I still remember the smell of antiseptic mixed with humid afternoon air, the kind that clings to your uniform long after your shift ends. I was a new nurse then, back in the Philippines, my name badge still stiff against my chest, my hands careful with every movement. I double-checked everything—medications, IV rates, charting—afraid that someone would discover I didn’t know enough. I thought competence was something you earned after years. I did not yet trust myself.
She had cancer and was under my care for almost three months. Long enough for me to learn the rhythm of her good days and bad ones. Long enough for silence between us to feel familiar. Sometimes, while I adjusted her line or helped her sit up, she would look at me with steady eyes and say, “You’ll be the best nurse. You’ll work abroad one day.” I would smile politely, nod, and change the subject. Inside, I would quietly disagree. I was too new. Too unsure. Too conscious of my inexperience.
But she kept saying it.
And then other patients began saying similar things. Different backgrounds. Different stories. Some would tell me directly. Others would say it to their relatives within earshot, as if I wasn’t listening. Families would thank me for explaining procedures clearly, for staying a little longer during difficult nights, for treating their loved one with gentleness. I felt confused more than proud. Were they seeing something I couldn’t?
They would bring gifts too. Food mostly—dishes wrapped in foil, fruits from their farm, seafood fresh from their island. I would always try to refuse. We were taught to maintain boundaries. But gratitude, especially back home, does not take no easily. They would insist, pressing containers into my hands with warm smiles.
One of the funniest gifts I ever received was a neatly packed towel and underwear sets. I remember standing there, trying not to laugh, touched and slightly embarrassed at the same time. Another time, I was handed a huge banana—so big it barely fit inside my locker—along with fresh seafood still smelling of salt and sun. These were not extravagant presents. They were pieces of their everyday life, offered with sincerity.

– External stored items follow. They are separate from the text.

lemma space_single_subset: "space n (single m p q) j \<subseteq> space n m j"
  by (auto simp: space_def coords_def single_def split: if_splits)

lemma space_single_move:
  "v \<in> space n (single m p q) j \<Longrightarrow> p \<le> j' \<Longrightarrow> j' \<le> q \<Longrightarrow> v \<in> space n (single m p q) j'"
  by (auto simp: space_def coords_single split: if_splits)

lemma space_single_outside:
  "v \<in> space n (single m p q) j \<Longrightarrow> \<not> (p \<le> j \<and> j \<le> q) \<Longrightarrow> v = (\<lambda>_. 0)"
  by (auto simp: space_def coords_single)

lemma zero_in_space: "(\<lambda>_. 0) \<in> space n m j"
  by (simp add: space_def)

lemma space_sum:
  "finite P \<Longrightarrow> (\<And>p. p \<in> P \<Longrightarrow> f p \<in> space n m j) \<Longrightarrow> (\<lambda>z. \<Sum>p\<in>P. f p z) \<in> space n m j"
  by (induction P rule: finite_induct) (auto simp: space_def)

lemma smap_single:
  "v \<in> space n (single m p q) j \<Longrightarrow> smap n m t v = (if p \<le> t \<and> t \<le> q then v else (\<lambda>_. 0))"
  by (rule ext) (auto simp: smap_def space_def coords_def single_def split: if_splits)

lemma proj_zero: "proj r s (\<lambda>_. 0) = (\<lambda>_. 0)"
  by (auto simp: proj_def)

lemma proj_proj: "proj r s (proj r s x) = proj r s x"
  by (auto simp: proj_def)

lemma proj_sum: "proj r s (\<lambda>z. \<Sum>p\<in>P. g p z) = (\<lambda>z. \<Sum>p\<in>P. proj r s (g p) z)"
  by (rule ext) (auto simp: proj_def)

lemma proj_single: "v \<in> space n (single m p q) j \<Longrightarrow> proj p q v = v"
  by (rule ext) (auto simp: proj_def space_def coords_single split: if_splits)

lemma proj_in_space_single: "x \<in> space n m j \<Longrightarrow> proj r s x \<in> space n (single m r s) j"
  by (auto simp: proj_def space_def coords_def single_def)

lemma proj_outside: "x \<in> space n m j \<Longrightarrow> \<not> (r \<le> j \<and> j \<le> s) \<Longrightarrow> proj r s x = (\<lambda>_. 0)"
  by (rule ext) (auto simp: proj_def space_def coords_def)

lemma proj_smap:
  "x \<in> space n m j \<Longrightarrow> proj r s (smap n m t x) = (if r \<le> t \<and> t \<le> s then proj r s x else (\<lambda>_. 0))"
  by (rule ext) (auto simp: proj_def smap_def space_def coords_def)

lemma space_eq_sum_proj:
  assumes "x \<in> space n m j"
  shows "x = (\<lambda>z. \<Sum>rs\<in>{1..n} \<times> {1..n}. proj (fst rs) (snd rs) x z)"
proof (rule ext)
  fix z :: idx
  obtain r s k where z: "z = (r, s, k)" by (cases z)
  have "proj (fst rs) (snd rs) x z = (if rs = (r, s) then x z else 0)" for rs
    by (cases rs) (auto simp: z proj_def)
  moreover have "x z \<noteq> 0 \<Longrightarrow> (r, s) \<in> {1..n} \<times> {1..n}"
  proof -
    assume "x z \<noteq> 0"
    then have "z \<in> coords n m j" using assms unfolding space_def by blast
    then show ?thesis by (simp add: z coords_def)
  qed
  ultimately show "x z = (\<Sum>rs\<in>{1..n} \<times> {1..n}. proj (fst rs) (snd rs) x z)"
    by (cases "x z = 0") auto
qed

lemma morphism_klinear:
  "is_morphism n \<tau> m m' \<Phi> \<Longrightarrow> 1 \<le> j \<Longrightarrow> j \<le> n \<Longrightarrow> klinear (space n m j) (space n m' j) (\<Phi> j)"
  by (simp add: is_morphism_def)

lemma morphism_maps_space:
  "is_morphism n \<tau> m m' \<Phi> \<Longrightarrow> 1 \<le> j \<Longrightarrow> j \<le> n \<Longrightarrow> v \<in> space n m j \<Longrightarrow> \<Phi> j v \<in> space n m' j"
  using morphism_klinear unfolding klinear_def by blast

lemma morphism_zero:
  assumes "is_morphism n \<tau> m m' \<Phi>" "1 \<le> j" "j \<le> n"
  shows "\<Phi> j (\<lambda>_. 0) = (\<lambda>_. 0)"
proof -
  have "\<forall>c. \<forall>v\<in>space n m j. \<Phi> j (\<lambda>i. c * v i) = (\<lambda>i. c * \<Phi> j v i)"
    using morphism_klinear[OF assms] unfolding klinear_def by blast
  then have "\<Phi> j (\<lambda>i. 0 * 0) = (\<lambda>i. 0 * \<Phi> j (\<lambda>_. 0) i)"
    using zero_in_space[of n m j] by fastforce
  then show ?thesis by simp
qed

lemma morphism_sum:
  assumes M: "is_morphism n \<tau> m m' \<Phi>" and j: "1 \<le> j" "j \<le> n"
  shows "finite P \<Longrightarrow> (\<And>p. p \<in> P \<Longrightarrow> f p \<in> space n m j) \<Longrightarrow>
     \<Phi> j (\<lambda>z. \<Sum>p\<in>P. f p z) = (\<lambda>z. \<Sum>p\<in>P. \<Phi> j (f p) z)"
proof (induction P rule: finite_induct)
  case empty
  then show ?case using morphism_zero[OF M j] by simp
next
  case (insert p P)
  have "\<Phi> j (\<lambda>z. f p z + (\<Sum>p\<in>P. f p z)) = (\<lambda>z. \<Phi> j (f p) z + \<Phi> j (\<lambda>z. \<Sum>p\<in>P. f p z) z)"
    using morphism_klinear[OF M j] space_sum[of P f n m j] insert.prems insert.hyps(1)
    unfolding klinear_def by simp
  then show ?case using insert by simp
qed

But if I am honest, the best gifts I ever received were not those things.
Not the towel.
Not the underwear sets.
Not the giant banana.
Not even the seafood.
The best gifts were the people who believed I was a good nurse before I believed it myself.
They gave me something far more lasting than anything I could hold. They gave me confidence in its earliest form—fragile, trembling, but real. They spoke life into a version of me that I had not yet grown into. That cancer patient who told me I would be the best nurse and could work abroad—she planted a seed I kept trying to ignore. The families who trusted me with their most vulnerable moments watered it.
At that time, I thought being a good nurse meant knowing everything. Having all the answers. Never hesitating. Now I understand that what they were responding to was not perfection, but presence. It was the way I showed up. The way I listened. The way I tried.
Looking back, those early months in a Philippine hospital shaped me more than any formal training ever could. I was inexperienced, uncertain, and quietly doubting myself—but I was also learning, growing, and being seen.